Toby Halicki: Movie tragedy
Toby was a film producer who had a cult following because of his car-crash movies. He produced and appeared in the films he made, and also took part as a stunt driver.
But in 1989, a stunt that he’d fought for went terribly wrong.
He was filming a sequel, Gone in 60 Seconds II, a follow-up to a movie he had made in 1974. A highlight of the movie was a truck colliding with a water tower- see the video below. But when the 141 foot tower collapsed a cable attached to it snapped, knocking over a telephone pole that in turn hit Halicki.
He did not survive.
Halicki had fought with the local authorities for several months to get permission to perform the stunt for the film. Eventually he was allowed to go ahead but in order to do so, he had to take out an insurance policy for $8million. He talked with reporters just hours before the tragedy occurred and assured them that the stunt was safe. He said that he thought the authorities were being deliberately obstructive.
They authorities on the other hand,thought he was being reckless.

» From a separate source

(* (1) $\mathsf{WFT}_{\mathbb S}\le_W\mathsf T\mathsf C_{\mathbb N^\mathbb N}$ and $\mathsf{WFT}_{\mathbb S}\not\le_W\overline{\mathsf C_{\mathbb N^\mathbb N}}$. (2) $\mathsf{WFT}\le_W\mathsf C_{\mathbb N^\mathbb N}*\mathsf T\mathsf C_{\mathbb N^\mathbb N}$ and $\mathsf{WFT}\not\le_W\mathsf T\mathsf C_{\mathbb N^\mathbb N}$.
   Context: A problem $f:\subseteq X\rightrightarrows Y$ between represented spaces is a partial multi-valued map; $F\vdash f$ means $\delta_YF(p)\in f(\delta_X(p))$ whenever $\delta_X(p)\in\mathrm{dom}(f)$; $f\le_W g$ iff there are computable partial $H,K$ with $H\langle\mathrm{id},GK\rangle\vdash f$ for all $G\vdash g$. The compositional product $f*g$ is a problem representing the $\le_W$-maximum of $\{f_0\circ g_0:f_0\le_Wf,\ g_0\le_Wg\}$ (which exists). $\mathcal A_-(\mathbb N^\mathbb N)$ is the space of closed subsets of Baire space represented by $p\mapsto\mathbb N^\mathbb N\setminus\bigcup_nB_{p(n)}$ for a standard enumeration $(B_n)$ of basic open sets (including empty ones). $\mathsf C_{\mathbb N^\mathbb N}:\subseteq\mathcal A_-(\mathbb N^\mathbb N)\rightrightarrows\mathbb N^\mathbb N$, $A\mapsto A$, on nonempty $A$. $\mathsf{WFT}:\mathcal A_-(\mathbb N^\mathbb N)\to\{0,1\}$ gives $1$ iff $A=\emptyset$ ($\{0,1\}$ represented by $p\mapsto p(0)$), and $\mathsf{WFT}_{\mathbb S}$ is the same map with target Sierpiński space $\mathbb S=\{0,1\}$ represented by $\delta_{\mathbb S}(p)=0\iff p=000\dots$. For $p\in\mathbb{N}^\mathbb{N}$, $p-1$ is the concatenation of $p(0)-1,p(1)-1,\dots$ with $0-1$ the empty word; the completion of $(X,\delta_X)$ is $\overline X=X\cup\{\bot\}$ with $\delta_{\overline X}(p)=\delta_X(p-1)$ if $p-1$ is an infinite sequence in $\mathrm{dom}(\delta_X)$, $\bot$ otherwise. For $f:\subseteq X\rightrightarrows Y$: $\overline f:\overline X\rightrightarrows\overline Y$ equals $f$ on $\mathrm{dom}(f)$ and $\overline Y$ elsewhere; $\mathsf Tf:X\rightrightarrows Y$ equals $f$ on $\mathrm{dom}(f)$ and $Y$ elsewhere. *)

theory Defs
  imports Main "HOL-Library.Nat_Bijection" "HOL-Library.Infinite_Set"
begin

The original film, which was a cult success, was billed as a cinematic demolition derby and the new film was planned to have the same excitement. A tractor trailer was to smash through several cars before hitting the water tower. This took place in a deserted industrial park. The officials made sure that Halicki paid them a $10,000 bond to guarantee that he would arrange for the removal of debris after the scene had been filmed. He said that he was thinking about suing the authorities after the shooting because he didn’t think that the bond requirement was legally done.
During the earlier part of the day, he frequently made sure that the crew kept clear of crashing cars and flying debris. He seemed to be in control of every safety aspect.
He explained to the reporters that he didn’t often perform the dangerous stunts himself because he had been involved in several close shaves including a head-on plane crash.
No-one else was injured in the incident and the authories deemed Halicki’s death to be accidental. At the time of his death he was forty eight years old and newly married.